Forest Service bans exploding targets in Rocky Mountain Region

The U.S. Forest Service announced today that the agency has banned exploding targets on National Forest system lands in the Rocky Mountain Region. In October when we first wrote about these devices that explode when shot with a rifle, we listed 24 wildfires we found with a quick internet search that were started by shooters using the targets in 2012.

Exploding targets have become popular in the last year with shooters who get a thrill from seeing the explosion when their bullet hits its mark. The devices are sometimes called “binary exploding targets”, since they are completely inert until two powders are mixed by the target shooter. After they are combined, the compound is illegal to transport and is classified as an explosive by the Bureau of Alcohol, Tobacco, Firearms, and Explosives and is subject to the regulatory requirements in 27 CFR, Part 555.

In June a man attending a bachelor-bachelorette party in Minnesota was killed by an exploding target. After someone shot the device, shrapnel struck 47-year-old Jeffery Taylor in the abdomen causing his death.

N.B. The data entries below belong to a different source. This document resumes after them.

(* Let $G$ be a red-blue colouring of $K_n$, let $u \in V(G)$, and let $A_1, \ldots, A_5$ be pairwise disjoint non-empty subsets of $V(G) \setminus \{u\}$ such that $(A_1, \ldots, A_5)$ is a pentagon blow-up in $G$. Suppose that there are $t$ pairwise disjoint bad configurations in $(A_1,\dots,A_5)$ with respect to $u$, but no $t+1$ pairwise disjoint such bad configurations, where $t < \min_{i \in [5]} |A_i|$. Then there exists $i \in [5]$ such that $(A_i \cup \{u\}, A_{i+1}, \ldots, A_{i+4})$ is exactly $t$ edge-flips away from a pentagon blow-up.
   Context: A red-blue colouring of $K_n$ assigns red or blue to each edge of the complete graph on the $n$-vertex set $V(G)$. For pairwise disjoint non-empty sets $B_1,\dots,B_5 \subseteq V(G)$, $(B_1,\dots,B_5)$ is a pentagon blow-up if for every $i \in [5]$ all edges between $B_i$ and $B_{i+1}$ are red and all edges between $B_i$ and $B_{i+2}$ are blue (indices modulo 5); it is exactly $t$ edge-flips away from a pentagon blow-up if exactly $t$ of the edges between distinct sets $B_i, B_j$ have a colour different from the one required by this condition (so changing the colours of these $t$ edges makes it a pentagon blow-up). For $u \notin A_1\cup\dots\cup A_5$, a bad configuration in $(A_1,\dots,A_5)$ with respect to $u$ is either a set of three red neighbours of $u$, one from each of $A_i, A_{i+2}, A_{i+3}$ for some $i \in [5]$, or a set of three blue neighbours of $u$, one from each of $A_i, A_{i+1}, A_{i+2}$ for some $i \in [5]$. *)

theory Defs
  imports Main
begin

text \<open>A red-blue colouring of the complete graph on the finite vertex set V:
  red x y means the edge xy is red; for distinct x, y the edge is blue iff not red x y.
  Indices of the five parts are taken from {0..<5}, arithmetic modulo 5.\<close>

definition red_blue_colouring :: "'a set \<Rightarrow> ('a \<Rightarrow> 'a \<Rightarrow> bool) \<Rightarrow> bool" where
  "red_blue_colouring V red \<longleftrightarrow> finite V \<and> (\<forall>x\<in>V. \<forall>y\<in>V. red x y = red y x)"

definition parts_ok :: "'a set \<Rightarrow> (nat \<Rightarrow> 'a set) \<Rightarrow> bool" where
  "parts_ok V B \<longleftrightarrow> (\<forall>i<5. B i \<noteq> {} \<and> B i \<subseteq> V) \<and>
     (\<forall>i<5. \<forall>j<5. i \<noteq> j \<longrightarrow> B i \<inter> B j = {})"

definition pentagon_blowup :: "'a set \<Rightarrow> ('a \<Rightarrow> 'a \<Rightarrow> bool) \<Rightarrow> (nat \<Rightarrow> 'a set) \<Rightarrow> bool" where
  "pentagon_blowup V red B \<longleftrightarrow> parts_ok V B \<and>
     (\<forall>i<5. (\<forall>x\<in>B i. \<forall>y\<in>B ((i+1) mod 5). red x y) \<and>
            (\<forall>x\<in>B i. \<forall>y\<in>B ((i+2) mod 5). \<not> red x y))"

text \<open>The set of edges between distinct parts whose colour differs from the required one.
  Every pair of distinct indices mod 5 is of the form (i, i+1) or (i, i+2).\<close>
definition wrong_edges :: "('a \<Rightarrow> 'a \<Rightarrow> bool) \<Rightarrow> (nat \<Rightarrow> 'a set) \<Rightarrow> 'a set set" where
  "wrong_edges red B = {{x, y} | x y. \<exists>i<5.
      (x \<in> B i \<and> y \<in> B ((i+1) mod 5) \<and> \<not> red x y) \<or>
      (x \<in> B i \<and> y \<in> B ((i+2) mod 5) \<and> red x y)}"

definition flips_away :: "'a set \<Rightarrow> ('a \<Rightarrow> 'a \<Rightarrow> bool) \<Rightarrow> (nat \<Rightarrow> 'a set) \<Rightarrow> nat \<Rightarrow> bool" where
  "flips_away V red B t \<longleftrightarrow> parts_ok V B \<and> card (wrong_edges red B) = t"
section \<open>Finite differences and extrapolation of polynomials\<close>

lemma alternating_binomial_sum_Suc:
  fixes g :: "nat \<Rightarrow> 'a::comm_ring_1"
  shows "(\<Sum>j\<le>Suc m. (-1)^j * of_nat (Suc m choose j) * g j)
       = (\<Sum>j\<le>m. (-1)^j * of_nat (m choose j) * (g j - g (Suc j)))"
proof -
  have low: "(\<Sum>j\<le>m. (-1)^j * of_nat (m choose j) * g j)
      = g 0 + (\<Sum>j\<le>m. (-1)^Suc j * of_nat (m choose Suc j) * g (Suc j))"
  proof -
    have "(\<Sum>j\<le>m. (-1)^j * of_nat (m choose j) * g j)
        = (\<Sum>j\<le>Suc m. (-1)^j * of_nat (m choose j) * g j)"
      by (simp add: binomial_eq_0)
    also have "\<dots> = g 0 + (\<Sum>j\<le>m. (-1)^Suc j * of_nat (m choose Suc j) * g (Suc j))"
      by (subst sum.atMost_Suc_shift) simp
    finally show ?thesis .
  qed
  have "(\<Sum>j\<le>Suc m. (-1)^j * of_nat (Suc m choose j) * g j)
      = g 0 + (\<Sum>j\<le>m. (-1)^Suc j * of_nat (Suc m choose Suc j) * g (Suc j))"
    by (subst sum.atMost_Suc_shift) simp
  also have "\<dots> = g 0 + (\<Sum>j\<le>m. (-1)^Suc j * of_nat (m choose Suc j) * g (Suc j))
      - (\<Sum>j\<le>m. (-1)^j * of_nat (m choose j) * g (Suc j))"
  proof -
    have "(-1)^Suc j * of_nat (Suc m choose Suc j) * g (Suc j)
        = (-1)^Suc j * of_nat (m choose Suc j) * g (Suc j) - (-1)^j * of_nat (m choose j) * g (Suc j)"
      for j
      by (simp add: algebra_simps)
    then show ?thesis
      by (simp add: sum_subtractf)
  qed
  finally show ?thesis
    using low by (simp add: sum_subtractf algebra_simps)
qed

lemma degree_pcompose_shift_minus_le:
  fixes Q :: "'a::idom poly"
  assumes "degree Q \<le> Suc m"
  shows "degree (pcompose Q [:h, 1:] - Q) \<le> m"
proof (rule degree_le, intro allI impI)
  fix i
  assume "m < i"
  have "degree (pcompose Q [:h, 1:]) = degree Q"
    by (simp add: degree_pcompose)
  moreover have "coeff (pcompose Q [:h, 1:]) (degree Q) = coeff Q (degree Q)"
    using lead_coeff_comp[of "[:h, 1:]" Q] by (simp add: degree_pcompose)
  ultimately show "coeff (pcompose Q [:h, 1:] - Q) i = 0"
    using assms \<open>m < i\<close> by (cases "i = degree Q") (simp_all add: coeff_eq_0)
qed
(* Let $E$ be a pseudo effect algebra satisfying (RDP). Then $\mathcal J(E)$ is an Abelian Dedekind complete lattice-ordered real vector space (Riesz space) under $\le^+$, and for any $m_1,\dots,m_n\in\mathcal J(E)$ and every $x\in E$: $$\Big(\bigvee_{i=1}^n m_i\Big)(x)=\sup\{m_1(x_1)+\cdots+m_n(x_n):\ x=x_1+\cdots+x_n,\ x_1,\dots,x_n\in E\},$$ $$\Big(\bigwedge_{i=1}^n m_i\Big)(x)=\inf\{m_1(x_1)+\cdots+m_n(x_n):\ x=x_1+\cdots+x_n,\ x_1,\dots,x_n\in E\}.$$
   Context: Pseudo effect algebra: partial algebra $(E;+,0,1)$ such that for all $a,b,c$: (i) $a+b$ and $(a+b)+c$ exist iff $b+c$ and $a+(b+c)$ exist, and then they are equal; (ii) there is exactly one $d$ and one $e$ with $a+d=e+a=1$; (iii) if $a+b$ exists there are $d,e$ with $a+b=d+a=b+e$; (iv) if $1+a$ or $a+1$ exists then $a=0$. (RDP): whenever $a_1+a_2=b_1+b_2$ there are $d_1,\dots,d_4$ with $d_1+d_2=a_1$, $d_3+d_4=a_2$, $d_1+d_3=b_1$, $d_2+d_4=b_2$. A signed measure is $m:E\to\mathbb R$ additive on defined sums; a measure is a nonnegative signed measure; $m_1\le^+m_2$ iff $m_2-m_1$ is a measure. $\mathcal J(E)$ is the set of signed measures that are differences of two measures, with pointwise operations. *)

theory Defs
  imports Complex_Main "HOL-Library.Function_Algebras"
begin

text \<open>A pseudo effect algebra on the carrier type 'a: partial addition
  given as a function into 'a option (None = undefined), with zero and one.\<close>

definition pea :: "('a \<Rightarrow> 'a \<Rightarrow> 'a option) \<Rightarrow> 'a \<Rightarrow> 'a \<Rightarrow> bool" where
  "pea p z u \<longleftrightarrow>
     (\<forall>a b c. Option.bind (p a b) (\<lambda>ab. p ab c) = Option.bind (p b c) (\<lambda>bc. p a bc)) \<and>
     (\<forall>a. (\<exists>!d. p a d = Some u) \<and> (\<exists>!e. p e a = Some u)) \<and>
     (\<forall>a b s. p a b = Some s \<longrightarrow> (\<exists>d e. p d a = Some s \<and> p b e = Some s)) \<and>
     (\<forall>a. (p u a \<noteq> None \<or> p a u \<noteq> None) \<longrightarrow> a = z)"

definition RDP :: "('a \<Rightarrow> 'a \<Rightarrow> 'a option) \<Rightarrow> bool" where
  "RDP p \<longleftrightarrow> (\<forall>a1 a2 b1 b2 s. p a1 a2 = Some s \<and> p b1 b2 = Some s \<longrightarrow>
     (\<exists>d1 d2 d3 d4. p d1 d2 = Some a1 \<and> p d3 d4 = Some a2 \<and>
                    p d1 d3 = Some b1 \<and> p d2 d4 = Some b2))"

definition signed_measure :: "('a \<Rightarrow> 'a \<Rightarrow> 'a option) \<Rightarrow> ('a \<Rightarrow> real) \<Rightarrow> bool" where
  "signed_measure p m \<longleftrightarrow> (\<forall>a b s. p a b = Some s \<longrightarrow> m s = m a + m b)"

definition pmeasure :: "('a \<Rightarrow> 'a \<Rightarrow> 'a option) \<Rightarrow> ('a \<Rightarrow> real) \<Rightarrow> bool" where
  "pmeasure p m \<longleftrightarrow> signed_measure p m \<and> (\<forall>x. 0 \<le> m x)"

definition le_plus :: "('a \<Rightarrow> 'a \<Rightarrow> 'a option) \<Rightarrow> ('a \<Rightarrow> real) \<Rightarrow> ('a \<Rightarrow> real) \<Rightarrow> bool" where
  "le_plus p m1 m2 \<longleftrightarrow> pmeasure p (m2 - m1)"

definition JJ :: "('a \<Rightarrow> 'a \<Rightarrow> 'a option) \<Rightarrow> ('a \<Rightarrow> real) set" where
  "JJ p = {m. \<exists>m1 m2. pmeasure p m1 \<and> pmeasure p m2 \<and> m = m1 - m2}"

text \<open>Iterated partial sum x1 + ... + xn (left-bracketed; undefined for the empty list).\<close>
fun psum :: "('a \<Rightarrow> 'a \<Rightarrow> 'a option) \<Rightarrow> 'a list \<Rightarrow> 'a option" where
  "psum p [] = None"
| "psum p (x # xs) = foldl (\<lambda>acc y. Option.bind acc (\<lambda>a. p a y)) (Some x) xs"

definition is_lub_in :: "('b \<Rightarrow> 'b \<Rightarrow> bool) \<Rightarrow> 'b set \<Rightarrow> 'b set \<Rightarrow> 'b \<Rightarrow> bool" where
  "is_lub_in le J S l \<longleftrightarrow> l \<in> J \<and> (\<forall>s\<in>S. le s l) \<and> (\<forall>u\<in>J. (\<forall>s\<in>S. le s u) \<longrightarrow> le l u)"

definition is_glb_in :: "('b \<Rightarrow> 'b \<Rightarrow> bool) \<Rightarrow> 'b set \<Rightarrow> 'b set \<Rightarrow> 'b \<Rightarrow> bool" where
  "is_glb_in le J S l \<longleftrightarrow> l \<in> J \<and> (\<forall>s\<in>S. le l s) \<and> (\<forall>u\<in>J. (\<forall>s\<in>S. le u s) \<longrightarrow> le u l)"

definition riesz_space :: "('a \<Rightarrow> real) set \<Rightarrow> (('a \<Rightarrow> real) \<Rightarrow> ('a \<Rightarrow> real) \<Rightarrow> bool) \<Rightarrow> bool" where
  "riesz_space J le \<longleftrightarrow>
     0 \<in> J \<and> (\<forall>f\<in>J. \<forall>g\<in>J. f + g \<in> J) \<and> (\<forall>f\<in>J. \<forall>c::real. (\<lambda>x. c * f x) \<in> J) \<and>
     (\<forall>f\<in>J. \<forall>g\<in>J. f + g = g + f) \<and>
     (\<forall>f\<in>J. le f f) \<and>
     (\<forall>f\<in>J. \<forall>g\<in>J. le f g \<and> le g f \<longrightarrow> f = g) \<and>
     (\<forall>f\<in>J. \<forall>g\<in>J. \<forall>h\<in>J. le f g \<and> le g h \<longrightarrow> le f h) \<and>
     (\<forall>f\<in>J. \<forall>g\<in>J. \<forall>h\<in>J. le f g \<longrightarrow> le (f + h) (g + h)) \<and>
     (\<forall>f\<in>J. \<forall>g\<in>J. \<forall>c::real. 0 \<le> c \<and> le f g \<longrightarrow> le (\<lambda>x. c * f x) (\<lambda>x. c * g x)) \<and>
     (\<forall>f\<in>J. \<forall>g\<in>J. (\<exists>l. is_lub_in le J {f, g} l) \<and> (\<exists>l. is_glb_in le J {f, g} l))"

definition dedekind_complete :: "('b \<Rightarrow> 'b \<Rightarrow> bool) \<Rightarrow> 'b set \<Rightarrow> bool" where
  "dedekind_complete le J \<longleftrightarrow>
     (\<forall>S. S \<subseteq> J \<and> S \<noteq> {} \<and> (\<exists>u\<in>J. \<forall>s\<in>S. le s u) \<longrightarrow> (\<exists>l. is_lub_in le J S l))"

end

theory Submission
  imports Defs
begin

text \<open>
  Everything is reduced to pointwise reasoning: on signed measures the
  order le_plus is the pointwise order, and a signed measure lying above an element of
  J(E) belongs to J(E).
\<close>

lemma pea_assoc_left:
  assumes "pea p z u" "p a b = Some ab" "p ab c = Some s"
  shows "\<exists>bc. p b c = Some bc \<and> p a bc = Some s"
proof -
  have "Option.bind (p a b) (\<lambda>ab. p ab c) = Option.bind (p b c) (\<lambda>bc. p a bc)"
    using assms(1) unfolding pea_def by blast
  with assms(2,3) show ?thesis by (cases "p b c") auto
qed
definition "S = (\<lambda>\<omega>. (1 / real T) * (\<Sum>s<T. \<Sum>i<N. w s i \<omega> * f (xi s i \<omega>)))"
definition "V t \<omega> = (1 / real T) * ((\<Sum>s<t. wsum s f \<omega>) + wsum t (H t) \<omega> + real (T - t) * mean)"
definition "Vh t \<omega> = (1 / real T) *
  ((\<Sum>s<Suc t. wsum s f \<omega>) + child_wsum t (kernel_app K (H (Suc t))) \<omega> + real (T - Suc t) * mean)"

lemma S_eq: "S = (\<lambda>\<omega>. (1 / real T) * (\<Sum>s<T. wsum s f \<omega>))"
  unfolding S_def wsum_def ..

lemma wsum_f_integrable: "s < T \<Longrightarrow> integrable M (wsum s f)"
  by (rule splitting_cond_exp(2)[OF f moment_abs_f_finite])

lemma wsum_f_measF: "s \<le> t \<Longrightarrow> wsum s f \<in> borel_measurable (F t)"
  by (rule measurable_from_subalg[OF subalg_F_mono wsum_measF[OF f]])

lemma wsum_f_measFh: "s \<le> t \<Longrightarrow> wsum s f \<in> borel_measurable (Fh t)"
  by (rule measurable_from_subalg[OF subalg_Fh_F_le wsum_measF[OF f]])

lemma S_integrable: "integrable M S"
  unfolding S_eq by (intro integrable_mult_right Bochner_Integration.integrable_sum wsum_f_integrable) auto

lemma S_measF: "S \<in> borel_measurable (F (T - 1))"
  unfolding S_eq by (intro borel_measurable_times borel_measurable_const borel_measurable_sum wsum_f_measF) auto

lemma moment_kernel_nn_abs_H_finite: "moment t (kernel_nn (\<lambda>y. ennreal \<bar>H (Suc t) y\<bar>)) < \<infinity>"
  using moment_Suc[of "\<lambda>y. ennreal \<bar>H (Suc t) y\<bar>" t] moment_abs_H_finite[of "Suc t"] by simp

lemma moment_abs_kernel_app_H_finite: "moment t (\<lambda>y. ennreal \<bar>kernel_app K (H (Suc t)) y\<bar>) < \<infinity>"
  using moment_mono[OF abs_kernel_app_le, of t] moment_kernel_nn_abs_H_finite by (rule le_less_trans)

lemma V_integrable: "t < T \<Longrightarrow> integrable M (V t)"
  unfolding V_def[abs_def]
  by (intro integrable_mult_right Bochner_Integration.integrable_add Bochner_Integration.integrable_sum
      wsum_f_integrable splitting_cond_exp(2)[OF H_meas moment_abs_H_finite] P.integrable_const) auto

lemma Vh_integrable: "Suc t < T \<Longrightarrow> integrable M (Vh t)"
  unfolding Vh_def[abs_def]
  by (intro integrable_mult_right Bochner_Integration.integrable_add Bochner_Integration.integrable_sum
      wsum_f_integrable evolution_cond_exp(2)[OF H_meas moment_kernel_nn_abs_H_finite] P.integrable_const) auto

lemma V_measF: "V t \<in> borel_measurable (F t)"
  unfolding V_def[abs_def]
  by (intro borel_measurable_times borel_measurable_add borel_measurable_sum borel_measurable_const
      wsum_f_measF wsum_measF H_meas) auto

lemma Vh_measFh: "Vh t \<in> borel_measurable (Fh t)"
  unfolding Vh_def[abs_def]
  by (intro borel_measurable_times borel_measurable_add borel_measurable_sum borel_measurable_const
      wsum_f_measFh child_wsum_measFh kernel_app_measurable H_meas) auto

lemma V_Suc_eq:
  "V (Suc t) \<omega> = Vh t \<omega> + (1 / real T) *
     (wsum (Suc t) (H (Suc t)) \<omega> - child_wsum t (kernel_app K (H (Suc t))) \<omega>)"
  unfolding V_def Vh_def by (simp add: algebra_simps)

lemma Vh_eq:
  assumes "t < T"
  shows "AE \<omega> in M. Vh t \<omega> = V t \<omega> + (1 / real T) *
     (child_wsum t (kernel_app K (H (Suc t))) \<omega> - wsum t (kernel_app K (H (Suc t))) \<omega>)"
  using wsum_H_step[OF assms]
proof eventually_elim
  case (elim \<omega>)
  have "real (T - t) = real (T - Suc t) + 1" using assms by simp
  then show ?case unfolding V_def Vh_def elim by (simp add: algebra_simps)
qed

lemma cond_exp_F_last: "AE \<omega> in M. real_cond_exp M (F (T - 1)) S \<omega> = V (T - 1) \<omega>"
proof -
  interpret S: sigma_finite_subalgebra M "F (T - 1)" by (rule sigma_finite_F)
  have T1: "Suc (T - 1) = T" using T by simp
  have "kernel_app K (H T) = (\<lambda>_. 0)" by (simp add: H_eq kernel_app_def fun_eq_iff)
  then have "wsum (T - 1) (kernel_app K (H (Suc (T - 1)))) \<omega> = 0" for \<omega>
    unfolding T1 by (simp add: wsum_def)
  moreover have "(\<Sum>s<T. wsum s f \<omega>) = (\<Sum>s<T - 1. wsum s f \<omega>) + wsum (T - 1) f \<omega>" for \<omega>
    using sum.lessThan_Suc[of "\<lambda>s. wsum s f \<omega>" "T - 1"] T1 by simp
  ultimately have "AE \<omega> in M. S \<omega> = V (T - 1) \<omega>"
    using wsum_H_step[of "T - 1"] T unfolding S_eq V_def by (auto elim!: AE_mp)
  moreover have "AE \<omega> in M. real_cond_exp M (F (T - 1)) S \<omega> = S \<omega>"
    by (rule S.real_cond_exp_F_meas[OF S_integrable S_measF])
  ultimately show ?thesis by eventually_elim simp
qed

lemma cond_exp_Fh_from_F_Suc:
  assumes t: "Suc t < T" and IH: "AE \<omega> in M. real_cond_exp M (F (Suc t)) S \<omega> = V (Suc t) \<omega>"
  shows "AE \<omega> in M. real_cond_exp M (Fh t) S \<omega> = Vh t \<omega>"
proof -
  interpret S: sigma_finite_subalgebra M "Fh t" by (rule sigma_finite_Fh)
  note E = evolution_cond_exp[OF H_meas moment_kernel_nn_abs_H_finite, of t]
  show ?thesis
  proof (rule S.real_cond_exp_via_finer[OF subalg_F subalg_F_Suc_Fh S_integrable Vh_integrable[OF t]
        E(1) E(2) Vh_measFh _ _ E(3)])
    show "child_wsum t (kernel_app K (H (Suc t))) \<in> borel_measurable (Fh t)"
      by (simp add: child_wsum_measFh)
    show "AE \<omega> in M. real_cond_exp M (F (Suc t)) S \<omega> = Vh t \<omega> + 1 / real T *
        (wsum (Suc t) (H (Suc t)) \<omega> - child_wsum t (kernel_app K (H (Suc t))) \<omega>)"
      using IH by (simp add: V_Suc_eq)
  qed
qed

lemma cond_exp_F_from_Fh:
  assumes t: "Suc t < T" and IH: "AE \<omega> in M. real_cond_exp M (Fh t) S \<omega> = Vh t \<omega>"
  shows "AE \<omega> in M. real_cond_exp M (F t) S \<omega> = V t \<omega>"
proof -
  interpret S: sigma_finite_subalgebra M "F t" by (rule sigma_finite_F)
  note E = splitting_cond_exp[OF kernel_app_measurable[OF H_meas] moment_abs_kernel_app_H_finite]
  have "t < T" using t by simp
  show ?thesis
  proof (rule S.real_cond_exp_via_finer[OF subalg_Fh subalg_Fh_F S_integrable V_integrable[OF \<open>t < T\<close>] E(1) E(2)
        V_measF _ _ E(3)])
    show "wsum t (kernel_app K (H (Suc t))) \<in> borel_measurable (F t)"
      by (simp add: wsum_measF)
    show "AE \<omega> in M. real_cond_exp M (Fh t) S \<omega> = V t \<omega> + 1 / real T *
        (child_wsum t (kernel_app K (H (Suc t))) \<omega> - wsum t (kernel_app K (H (Suc t))) \<omega>)"
      using IH Vh_eq[OF \<open>t < T\<close>] by eventually_elim simp
  qed
qed

lemma cond_exp_F: "t < T \<Longrightarrow> AE \<omega> in M. real_cond_exp M (F t) S \<omega> = V t \<omega>"
proof (induction "T - 1 - t" arbitrary: t)
  case 0
  then have "t = T - 1" by simp
  then show ?case using cond_exp_F_last by simp
next
  case (Suc d)
  then have "Suc t < T" "d = T - 1 - Suc t" by auto
  then show ?case using Suc.hyps(1) cond_exp_F_from_Fh cond_exp_Fh_from_F_Suc by blast
qed

lemma cond_exp_Fh: "Suc t < T \<Longrightarrow> AE \<omega> in M. real_cond_exp M (Fh t) S \<omega> = Vh t \<omega>"
  using cond_exp_Fh_from_F_Suc cond_exp_F by blast

lemma cond_exp_Fh_minus_F:
  assumes "t + 2 \<le> T"
  shows "AE \<omega> in M. real_cond_exp M (Fh t) S \<omega> - real_cond_exp M (F t) S \<omega> = (1 / real T) *
    ((\<Sum>i<N. wh t i \<omega> * kernel_app K (hT K \<mu> f T (Suc t)) (xih t i \<omega>))
      - (\<Sum>i<N. w t i \<omega> * kernel_app K (hT K \<mu> f T (Suc t)) (xi t i \<omega>)))"
proof -
  have "t < T" "Suc t < T" using assms by auto
  from cond_exp_F[OF \<open>t < T\<close>] cond_exp_Fh[OF \<open>Suc t < T\<close>] Vh_eq[OF \<open>t < T\<close>] show ?thesis
    by eventually_elim (simp add: wsum_def child_wsum_def H_def[abs_def])
qed

lemma cond_exp_F_Suc_minus_Fh:
  assumes "t + 2 \<le> T"
  shows "AE \<omega> in M. real_cond_exp M (F (Suc t)) S \<omega> - real_cond_exp M (Fh t) S \<omega> = (1 / real T) *
    (\<Sum>i<N. wh t i \<omega> * (hT K \<mu> f T (Suc t) (xi (Suc t) i \<omega>) - kernel_app K (hT K \<mu> f T (Suc t)) (xih t i \<omega>)))"
proof -
  have "Suc t < T" using assms by auto
  from cond_exp_F[OF this] cond_exp_Fh[OF this] AE_space show ?thesis
    by eventually_elim
      (simp add: V_Suc_eq wsum_def child_wsum_def H_def[abs_def] w_Suc right_diff_distrib sum_subtractf)
qed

The new ban affects national forest system lands in the states of Wyoming, Nebraska, South Dakota, Colorado, and Kansas. Under the Order prohibiting the devices, anyone using them can face a fine of up to $5,000 and imprisonment of not more than 6 months. The Order is effective for one year and expires August 2, 2014.

The U.S. Forest Service has previously banned exploding targets on national forests in Washington, Oregon, Arizona, New Mexico, Oklahoma, and Texas according to Forest Service spokeswoman Sarah Levy.

The Bureau of Land Management bans them during certain times on their land in some states — not only the use but the possession of the devices.

“The Bureau of Land Management is working on a Fire Prevention Order that will ban exploding targets on BLM lands in Colorado as well,” said John Bierk, State Staff Ranger for BLM Colorado/Eastern States.

They are also banned or soon will be when new legislation takes effect on state lands, at least under some conditions, in Washington, Utah, Oregon, and Idaho.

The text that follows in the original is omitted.